Depuis quelques saisons, la Süper Lig s’impose comme une destination régulière pour les footballeurs africains. Une tendance assumée, au point que des médias turcs évoquent une présence d’environ une soixantaine de joueurs africains dans le championnat sur une saison récente, signe d’un vrai mouvement de fond.

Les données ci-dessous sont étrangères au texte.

lemma emeasure_le_setprod:
  fixes m :: "'g::{topological_group_add, t2_space} measure"
  assumes m: "haar_measure m" and "k \<in> K" "compact K" "compact A"
  shows "emeasure m A \<le> emeasure m (setprod K A)"
proof -
  have "emeasure m A = emeasure m (ltrans k A)"
    using emeasure_ltrans[OF m] assms(4) by (simp add: borel_compact)
  also have "\<dots> \<le> emeasure m (setprod K A)"
    using assms ltrans_subset_setprod
    by (intro emeasure_mono) (auto simp: haar_measure_sets[OF m] borel_compact compact_setprod)
  finally show ?thesis .
qed

lemma setprod_in_cpt_pos_sets:
  fixes m :: "'g::{topological_group_add, t2_space} measure"
  assumes m: "haar_measure m" and K: "K \<in> cpt_sets" and A: "A \<in> cpt_pos_sets m"
  shows "setprod K A \<in> cpt_pos_sets m"
proof -
  obtain k where "k \<in> K" "compact K"
    using K unfolding cpt_sets_def by blast
  then have "emeasure m A \<le> emeasure m (setprod K A)"
    using A emeasure_le_setprod[OF m] unfolding cpt_pos_sets_def by blast
  then show ?thesis
    using K A setprod_in_cpt_sets[of K A] unfolding cpt_sets_def cpt_pos_sets_def by auto
qed

section \<open>Packing by disjoint translates\<close>

lemma card_disjoint_rtrans_le:
  fixes m :: "'g::{topological_group_add, t2_space} measure"
  assumes m: "unimodular_haar m" and "compact B" "compact S"
    and F: "finite F" "F \<subseteq> S" "disjoint_family_on (rtrans B) F"
  shows "of_nat (card F) * emeasure m B \<le> emeasure m (setprod B S)"
proof -
  note sets_m = haar_measure_sets[OF unimodular_haar_measure[OF m]]
  have "of_nat (card F) * emeasure m B = (\<Sum>x\<in>F. emeasure m (rtrans B x))"
    using emeasure_rtrans[OF m] borel_compact[OF \<open>compact B\<close>] by simp
  also have "\<dots> = emeasure m (\<Union>x\<in>F. rtrans B x)"
    using F \<open>compact B\<close> by (intro sum_emeasure) (auto simp: sets_m borel_compact compact_rtrans)
  also have "\<dots> \<le> emeasure m (setprod B S)"
    using F assms(2,3)
    by (intro emeasure_mono UN_least rtrans_subset_setprod) (auto simp: sets_m borel_compact compact_setprod)
  finally show ?thesis .
qed

lemma disjoint_rtrans_card_bounded:
  fixes m :: "'g::{topological_group_add, t2_space} measure" and B S :: "'g set"
  assumes m: "unimodular_haar m" and B: "csu_nbhd B" and S: "compact S"
  obtains N where
    "\<And>F. finite F \<Longrightarrow> F \<subseteq> S \<Longrightarrow> disjoint_family_on (rtrans B) F \<Longrightarrow> card F < N"
proof -
  note haar = unimodular_haar_measure[OF m]
  have "compact B"
    using B by (simp add: csu_nbhd_def)
  have mB: "emeasure m B \<noteq> 0" "emeasure m B \<noteq> top"
    using emeasure_csu_nbhd_pos[OF haar B] emeasure_compact_less_top[OF haar \<open>compact B\<close>] by auto
  have "emeasure m (setprod B S) / emeasure m B < top"
    using emeasure_compact_less_top[OF haar compact_setprod[OF \<open>compact B\<close> S]] mB
    by (simp add: ennreal_divide_eq_top_iff top.not_eq_extremum[symmetric])
  then obtain N where N: "emeasure m (setprod B S) / emeasure m B < of_nat N"
    using ennreal_Ex_less_of_nat by blast
  have "card F < N" if "finite F" "F \<subseteq> S" "disjoint_family_on (rtrans B) F" for F
  proof -
    have "of_nat (card F) * emeasure m B / emeasure m B \<le> emeasure m (setprod B S) / emeasure m B"
      using card_disjoint_rtrans_le[OF m \<open>compact B\<close> S that] by (rule divide_right_mono_ennreal)
    then have "of_nat (card F) \<le> emeasure m (setprod B S) / emeasure m B"
      using mB by (simp add: mult_divide_eq_ennreal)
    then have "of_nat (card F) < (of_nat N :: ennreal)"
      using N by (rule order.strict_trans1)
    then show ?thesis
      by simp
  qed
  then show thesis
    by (rule that)
qed
text \<open>Going around the cycle the short way (k or n - k steps) gives the lower bound
  cos(2 pi k/n) for every inner product.\<close>

lemma inner_ge_cos:
  assumes step: "\<And>k. arccos (U k \<bullet> U (k + 1)) \<le> 2 * pi / real n" and "k < n"
  shows "cos (2 * pi * real k / real n) \<le> U i \<bullet> U (i + int k)"
proof (cases "2 * k \<le> n")
  case True
  have "real k * (2 * pi / real n) \<le> pi" using True n3 by (simp add: field_simps)
  then show ?thesis
    using cos_le_inner_of_arccos_le[OF unit unit chain_angle_le[OF step]] by (simp add: mult.commute)
next
  case False
  define m where "m = n - k"
  have "real m * (2 * pi / real n) \<le> pi"
    using False assms(2) n3 by (simp add: field_simps m_def)
  then have "cos (real m * (2 * pi / real n)) \<le> U (i + int k) \<bullet> U (i + int k + int m)"
    using cos_le_inner_of_arccos_le[OF unit unit chain_angle_le[OF step]] by blast
  moreover have "U (i + int k + int m) = U i" using periodic[of i] assms(2) by (simp add: m_def)
  moreover have "real m * (2 * pi / real n) = 2 * pi - 2 * pi * real k / real n"
    using assms(2) n3 by (simp add: m_def field_simps)
  ultimately show ?thesis by (simp add: inner_commute)
qed

text \<open>Summing the lower bounds over a full period gives sum_k U_i . U_(i+k) = U_i . 0 = 0
  on the left and 0 on the right, so every lower bound is attained.\<close>

lemma gram_nat:
  assumes step: "\<And>k. arccos (U k \<bullet> U (k + 1)) \<le> 2 * pi / real n" and "i < n" "k < n"
  shows "U (int i) \<bullet> U (int i + int k) = cos (2 * pi * real k / real n)"
proof -
  define F where "F i k = U (int i) \<bullet> U (int i + int k) - cos (2 * pi * real k / real n)" for i k
  have F_nonneg: "0 \<le> F i k" if "k < n" for i k
    using inner_ge_cos[OF step that] by (simp add: F_def)
  have row_sum: "(\<Sum>k<n. U (int i) \<bullet> U (int i + int k)) = 0" for i
    by (simp add: inner_sum_right[symmetric] periodic_sum_shift[of U n, OF periodic] closed)
  have "(\<Sum>i<n. \<Sum>k<n. F i k) = 0"
    using n3 unfolding F_def sum_subtractf by (simp add: row_sum sum_cos_roots_of_unity)
  then have "\<forall>i\<in>{..<n}. (\<Sum>k<n. F i k) = 0"
    by (subst (asm) sum_nonneg_eq_0_iff) (auto intro!: sum_nonneg F_nonneg)
  then have "F i k = 0"
    using assms(2,3) sum_nonneg_eq_0_iff[of "{..<n}" "F i"] F_nonneg by auto
  then show ?thesis by (simp add: F_def)
qed
(* Let $m\geq1$, let $p_{1j},p_{2j}\in\mathbb{R}$, $w_{j}>0$, $d_{j}>0$, $h_{j}\in\mathbb{R}$ for $j=1,\ldots,m$, and let $f_{1}\leq g_{1}$, $f_{2}\leq g_{2}$, $a\leq b$ be reals. Consider the problem of minimizing over $(x_{1},x_{2})^{T}\in\mathbb{R}^{2}$ $$\max_{1\leq j\leq m}\big(w_{j}(|x_{1}-p_{1j}|+|x_{2}-p_{2j}|)+h_{j}\big)$$ subject to $|x_{1}-p_{1j}|+|x_{2}-p_{2j}|\leq d_{j}$ ($j=1,\ldots,m$), $f_{1}-x_{2}\leq x_{1}\leq g_{1}-x_{2}$, $f_{2}+x_{1}\leq x_{2}\leq g_{2}+x_{1}$, and $a\leq x_{1}\leq b$. Let $o_{1j}=p_{1j}+p_{2j}$ and $o_{2j}=p_{2j}-p_{1j}$ for $j=1,\ldots,m$, and let $b_{11}^{\ast}=b_{22}^{\ast}=0$, $b_{12}^{\ast}=2a$, $b_{21}^{\ast}=-2b$. Suppose that $$b_{ik}^{\ast}+\max_{1\leq l\leq m}\max\{o_{kl}-d_{l},f_{k}\}\leq\min_{1\leq j\leq m}\min\{o_{ij}+d_{j},g_{i}\},\qquad i,k=1,2.$$ Then the minimum value of the problem is $$\theta=\max_{1\leq j,l\leq m}\max\Bigg\{\frac{w_{l}h_{j}}{w_{j}+w_{l}}+\frac{w_{j}h_{l}}{w_{j}+w_{l}}+\frac{w_{j}w_{l}}{w_{j}+w_{l}}\max_{1\leq i,k\leq2}(b_{ik}^{\ast}-o_{ij}+o_{kl}),$$ $$h_{j}+w_{j}\max_{1\leq i,k\leq2}\big(b_{ik}^{\ast}-o_{ij}+\max\{o_{kl}-d_{l},f_{k}\}\big),\ h_{l}+w_{l}\max_{1\leq i,k\leq2}\big(b_{ik}^{\ast}-\min\{d_{j}+o_{ij},g_{i}\}+o_{kl}\big)\Bigg\},$$ and all solution vectors $\bm{x}=(x_{1},x_{2})^{T}$ have entries $x_{1}=(y_{1}-y_{2})/2$, $x_{2}=(y_{1}+y_{2})/2$, where $y_{i}=\max\{b_{i1}^{\ast}+u_{1},b_{i2}^{\ast}+u_{2}\}$ for $i=1,2$ and the parameter vector $\bm{u}=(u_{1},u_{2})^{T}$ satisfies, for $k=1,2$, $$\max_{1\leq j\leq m}\max\left\{\frac{h_{j}-\theta}{w_{j}}+o_{kj},\ -d_{j}+o_{kj},\ f_{k}\right\}\leq u_{k}\leq\min_{1\leq i\leq2}\min_{1\leq j\leq m}\left(\min\left\{\frac{\theta-h_{j}}{w_{j}}+o_{ij},\ d_{j}+o_{ij},\ g_{i}\right\}-b_{ik}^{\ast}\right).$$ *)

theory Defs
  imports Main "HOL.Real"
begin

definition sel :: "real \<Rightarrow> real \<Rightarrow> nat \<Rightarrow> real" where
  "sel x y i = (if i = 1 then x else y)"

definition oc :: "(nat \<Rightarrow> real) \<Rightarrow> (nat \<Rightarrow> real) \<Rightarrow> nat \<Rightarrow> nat \<Rightarrow> real" where
  "oc p1 p2 i j = (if i = 1 then p1 j + p2 j else p2 j - p1 j)"

definition bst :: "real \<Rightarrow> real \<Rightarrow> nat \<Rightarrow> nat \<Rightarrow> real" where
  "bst a b i k = (if i = k then 0 else if i = 1 then 2 * a else - 2 * b)"

definition objf :: "nat \<Rightarrow> (nat \<Rightarrow> real) \<Rightarrow> (nat \<Rightarrow> real) \<Rightarrow> (nat \<Rightarrow> real) \<Rightarrow> (nat \<Rightarrow> real)
    \<Rightarrow> real \<Rightarrow> real \<Rightarrow> real" where
  "objf m p1 p2 w h x1 x2 =
     Max ((\<lambda>j. w j * (\<bar>x1 - p1 j\<bar> + \<bar>x2 - p2 j\<bar>) + h j) ` {1..m})"

definition feasible :: "nat \<Rightarrow> (nat \<Rightarrow> real) \<Rightarrow> (nat \<Rightarrow> real) \<Rightarrow> (nat \<Rightarrow> real)
    \<Rightarrow> real \<Rightarrow> real \<Rightarrow> real \<Rightarrow> real \<Rightarrow> real \<Rightarrow> real \<Rightarrow> real \<Rightarrow> real \<Rightarrow> bool" where
  "feasible m p1 p2 d f1 g1 f2 g2 a b x1 x2 \<longleftrightarrow>
     (\<forall>j\<in>{1..m}. \<bar>x1 - p1 j\<bar> + \<bar>x2 - p2 j\<bar> \<le> d j) \<and>
     f1 - x2 \<le> x1 \<and> x1 \<le> g1 - x2 \<and>
     f2 + x1 \<le> x2 \<and> x2 \<le> g2 + x1 \<and>
     a \<le> x1 \<and> x1 \<le> b"

end

(*
  The rotation y1 = x1 + x2, y2 = x2 - x1 turns every L1-ball into an axis-parallel square.
  Hence the feasible points of cost at most t form, in the y-coordinates, a box
  [box_lo t, box_hi t] cut by the two difference constraints 2a <= y1 - y2 <= 2b, i.e. by
  y >= B y in max-plus notation.  As the cycle weight 2a - 2b of B is nonpositive, these points
  are exactly y = B* u with u ranging over a box, and they exist iff
  b*_ik + box_lo t k <= box_hi t i for all i, k.  Under the regularity hypothesis the latter
  splits, for every pair of sites j, l, into three inequalities that are linear in the radii
  (t - h_j) / w_j; solving them for t shows that theta is the least such level.
*)
theory Submission
  imports Defs
begin
text \<open>For large \<open>m\<close>, the value of \<open>y\<close> at the first time \<open>x\<close> reaches \<open>\<alpha>\<close>, up to an error
  controlled by \<open>2\<^sup>-\<^sup>m\<close>.\<close>
definition level_value :: "nat \<Rightarrow> real \<Rightarrow> (real \<Rightarrow> real) \<Rightarrow> (real \<Rightarrow> real) \<Rightarrow> real" where
  "level_value m \<alpha> x y = (INF f\<in>M01. min 1 (supdist f y + min 1 (2 ^ m * phi \<alpha> f x)))"

definition level_form :: "nat \<Rightarrow> rat \<Rightarrow> nat \<Rightarrow> nat \<Rightarrow> form" where
  "level_form m q i j = Inf (Suc (i + j)) (fplus (Dist (Suc (i + j)) j) (amplify m (Phi q (Suc (i + j)) i)))"

lemma level_form_fv: "fv (level_form m q i j) \<subseteq> {i, j}"
  unfolding level_form_def by auto

lemma level_form_wf: "0 \<le> q \<Longrightarrow> q \<le> 1 \<Longrightarrow> wf_form (level_form m q i j)"
  unfolding level_form_def by simp

lemma eval_level_form:
  assumes x: "\<sigma> i \<in> M01" and y: "\<sigma> j \<in> M01" and q: "0 \<le> q" "q \<le> 1"
  shows "eval \<sigma> (level_form m q i j) = level_value m (real_of_rat q) (\<sigma> i) (\<sigma> j)"
proof -
  define z where "z = Suc (i + j)"
  have z: "z \<noteq> i" "z \<noteq> j" unfolding z_def by auto
  have "eval (\<sigma>(z := f)) (fplus (Dist z j) (amplify m (Phi q z i)))
      = min 1 (supdist f (\<sigma> j) + min 1 (2 ^ m * phi (real_of_rat q) f (\<sigma> i)))" if f: "f \<in> M01" for f
    using z eval_amplify[of "\<sigma>(z := f)" "Phi q z i" m] phi_bounds[OF f x] q by (simp add: of_rat_le_2)
  then show ?thesis
    unfolding level_form_def z_def[symmetric] level_value_def by simp
qed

La première raison est financière et médiatique. Les clubs turcs, surtout les plus populaires, proposent des salaires attractifs et un environnement où le football est vécu avec une intensité rare, ce qui pèse dans le choix des joueurs et des agents. Des acteurs du marché expliquent aussi que les contrats peuvent être négociés en “net” et que l’argument économique, combiné à la ferveur locale, convainc beaucoup de profils africains.
Ensuite, il y a le projet sportif. La Turquie veut renforcer sa place en Europe et certains clubs cherchent à se construire une image de tremplin, en recrutant plus vite, plus fort, et en offrant une exposition immédiate dans un championnat très suivi, avec la possibilité de jouer les compétitions européennes pour les cadors.
Enfin, les règles de championnat créent mécaniquement de la demande. La fédération turque autorise jusqu’à 14 joueurs étrangers sur la liste A, avec une part réservée à des profils jeunes, ce qui pousse les clubs à se tourner vers des marchés “rentables” et riches en talents, dont l’Afrique. Et il faut aussi rappeler l’envers du décor, la Turquie n’est pas toujours un eldorado, certains clubs ont connu des difficultés de trésorerie, avec des retards de paiement évoqués par la presse sportive.